Antoine GolliotMonsieur le ministre, j'appelle votre attention sur la situation préoccupante du territoire du Boulonnais en matière d'accompagnement des personnes en situation de handicap. Dans ce bassin de vie, pourtant doté d'acteurs engagés et de structures médico-sociales reconnues, comme le centre d'action médico-sociale précoce de Boulogne-sur-Mer, l'établissement et service d'aide par le travail du Boulonnais, le foyer de vie La Ferme, le foyer Jean-Marie Marichez ou encore plusieurs services d'accompagnement et associations spécialisées, les besoins dépassent très largement l'offre disponible.

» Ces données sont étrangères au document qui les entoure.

(* Let $n$ be a positive integer and $v$ an odd positive integer, let $q=v^{1/n}$, assume $q\ge3$, and put $m=\left\lfloor\frac{q-1}{2}\right\rfloor$. Then there exists a $\left(q^n,\ m^nq^n,\ m^n(q^n-2^n),\ q^n\right)$ placement delivery array, which realizes a coded caching scheme with $K=q^n$ users, memory ratio $\frac{M}{N}=1-\left(\frac{2}{q}\right)^n$, subpacketization $m^nq^n$, and transmission load $R=m^{-n}$.
   Context: A $(K,F,Z,S)$ placement delivery array (PDA) is an $F\times K$ array $\mathbf{P}=(p_{j,k})$ with entries from $\{*\}\cup\{1,\dots,S\}$ such that: (C1) each column contains exactly $Z$ stars; (C2) each integer of $\{1,\dots,S\}$ occurs at least once; (C3) for any two distinct entries $p_{j_1,k_1}=p_{j_2,k_2}=s$ (an integer) we have $j_1\neq j_2$, $k_1\neq k_2$, and $p_{j_1,k_2}=p_{j_2,k_1}=*$. A $(K,M,N)$ coded caching system consists of a server storing $N$ equal-size files and $K$ users each with a cache of size $M$ files, connected by an error-free shared broadcast link. An $F$-division scheme splits each file into $F$ equal-size packets placed (uncoded) in caches independently of demands; in delivery each user requests one file and the server broadcasts XORs of packets so every user decodes its request. The load $R$ is the worst-case normalized broadcast size; $M/N$ is the memory ratio. A $(K,F,Z,S)$ PDA realizes an $F$-division scheme with $M/N=Z/F$ and $R=S/F$. *)

theory Defs
  imports Complex_Main
begin

text \<open>A (K,F,Z,S) placement delivery array: an F x K array with rows j < F and
columns k < K. The entry P j k is None for a star and Some s for an integer s.\<close>

definition is_PDA :: "nat \<Rightarrow> nat \<Rightarrow> nat \<Rightarrow> nat \<Rightarrow> (nat \<Rightarrow> nat \<Rightarrow> nat option) \<Rightarrow> bool" where
  "is_PDA K F Z S P \<longleftrightarrow>
     (\<forall>j<F. \<forall>k<K. \<forall>s. P j k = Some s \<longrightarrow> 1 \<le> s \<and> s \<le> S) \<and>
     (\<forall>k<K. card {j. j < F \<and> P j k = None} = Z) \<and>
     (\<forall>s\<in>{1..S}. \<exists>j<F. \<exists>k<K. P j k = Some s) \<and>
     (\<forall>j1<F. \<forall>k1<K. \<forall>j2<F. \<forall>k2<K. \<forall>s.
        P j1 k1 = Some s \<and> P j2 k2 = Some s \<and> (j1, k1) \<noteq> (j2, k2) \<longrightarrow>
        j1 \<noteq> j2 \<and> k1 \<noteq> k2 \<and> P j1 k2 = None \<and> P j2 k1 = None)"

end

theory Submission
  imports Defs "HOL-Library.FuncSet" "HOL-Number_Theory.Cong"
begin

text \<open>Write \<open>b = 2m + 1\<close> and \<open>e(r, \<sigma>) = \<Sum>\<^sub>i \<sigma>\<^sub>i r\<^sub>i b\<^sup>i\<close> for magnitudes
  \<open>r \<in> {1..m}\<^sup>n\<close> and signs \<open>\<sigma> \<in> {-1, 1}\<^sup>n\<close>. Since \<open>b\<^sup>n \<le> v\<close>, these balanced base-\<open>b\<close>
  expansions are pairwise distinct and of absolute value below \<open>v/2\<close>, hence distinct modulo \<open>v\<close>.
  Index the rows by pairs \<open>(r, j)\<close> with \<open>j \<in> \<int>\<^sub>v\<close> and the columns by \<open>k \<in> \<int>\<^sub>v\<close>; the entry at
  \<open>((r, j), k)\<close> is the integer \<open>(2j - k) mod v\<close> (shifted into \<open>1..v\<close>) if
  \<open>k - j \<equiv> e(r, \<sigma>)\<close> for some \<open>\<sigma>\<close>, and a star otherwise. Each column then has exactly
  \<open>(2m)\<^sup>n\<close> integer entries. If \<open>((r\<^sub>1, j\<^sub>1), k\<^sub>1)\<close> and \<open>((r\<^sub>2, j\<^sub>2), k\<^sub>2)\<close> carry the same
  integer and \<open>((r\<^sub>1, j\<^sub>1), k\<^sub>2)\<close> were not a star, with signs \<open>\<tau>\<close>, then
  \<open>e(r\<^sub>1, \<sigma>\<^sub>1) + e(r\<^sub>1, \<tau>) \<equiv> 2 e(r\<^sub>2, \<sigma>\<^sub>2) (mod v)\<close>. As \<open>v\<close> is odd, the half of the left side,
  which has a zero digit wherever \<open>\<sigma>\<^sub>1\<close> and \<open>\<tau>\<close> differ, equals \<open>e(r\<^sub>2, \<sigma>\<^sub>2)\<close>, all of whose
  digits are nonzero; so \<open>\<tau> = \<sigma>\<^sub>1\<close> and \<open>k\<^sub>1 = k\<^sub>2\<close>.\<close>

section \<open>Balanced digit expansions\<close>

definition digit_value :: "int \<Rightarrow> nat \<Rightarrow> (nat \<Rightarrow> int) \<Rightarrow> int" where
  "digit_value b n d = (\<Sum>i<n. d i * b ^ i)"

lemma digit_value_Suc: "digit_value b (Suc n) d = digit_value b n d + d n * b ^ n"
  by (simp add: digit_value_def)

lemma digit_value_diff:
  "digit_value b n (\<lambda>i. x i - y i) = digit_value b n x - digit_value b n y"
  by (simp add: digit_value_def left_diff_distrib sum_subtractf)

lemma abs_digit_value_le:
  assumes "b \<ge> 1" and "\<forall>i<n. \<bar>d i\<bar> \<le> c"
  shows "(b - 1) * \<bar>digit_value b n d\<bar> \<le> c * (b ^ n - 1)"
  using assms(2)
proof (induction n)
  case 0
  then show ?case by (simp add: digit_value_def)
next
  case (Suc n)
  have "\<bar>d n * b ^ n\<bar> = \<bar>d n\<bar> * b ^ n"
    using assms(1) by (simp add: abs_mult)
  then have "\<bar>digit_value b (Suc n) d\<bar> \<le> \<bar>digit_value b n d\<bar> + \<bar>d n\<bar> * b ^ n"
    by (metis abs_triangle_ineq digit_value_Suc)
  then have "(b - 1) * \<bar>digit_value b (Suc n) d\<bar> \<le> (b - 1) * \<bar>digit_value b n d\<bar> + (b - 1) * (\<bar>d n\<bar> * b ^ n)"
    using assms(1) by (metis distrib_left mult_left_mono diff_ge_0_iff_ge)
  also have "\<dots> \<le> c * (b ^ n - 1) + (b - 1) * (c * b ^ n)"
    using Suc assms(1) by (intro add_mono mult_left_mono mult_right_mono) auto
  also have "\<dots> = c * (b ^ Suc n - 1)"
    by (simp add: algebra_simps)
  finally show ?case .
qed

Les familles me signalent des délais d'attente particulièrement longs pour obtenir une place. La situation est encore plus difficile pour les jeunes adultes à l'issue de leur parcours en structure pour enfants. Beaucoup ne bénéficient pas de solution adaptée, ce qui entraîne de véritables ruptures d'accompagnement.
Faute de réponses locales suffisantes, certaines familles sont contraintes d'accepter des orientations éloignées du domicile. Ces parcours se font même parfois hors du territoire national, notamment en Belgique. Ces situations ont des conséquences humaines lourdes pour les personnes concernées et leurs proches. Elles représentent également un coût financier important.
Cette réalité locale n'est malheureusement pas isolée. Elle reflète une difficulté plus globale : partout en France, les tensions pesant sur les places disponibles dans les établissements spécialisés persistent, malgré les stratégies nationales visant à développer de nouvelles solutions et à réduire les inégalités territoriales.
Quelles mesures concrètes et ciblées le gouvernement entend-il appliquer pour les territoires sous-dotés comme le Boulonnais ? Il convient d'augmenter rapidement l'offre de solutions de proximité, de sécuriser les parcours de vie des personnes en situation de handicap et de garantir enfin une égalité réelle d'accès à un accompagnement adapté sur l'ensemble du territoire.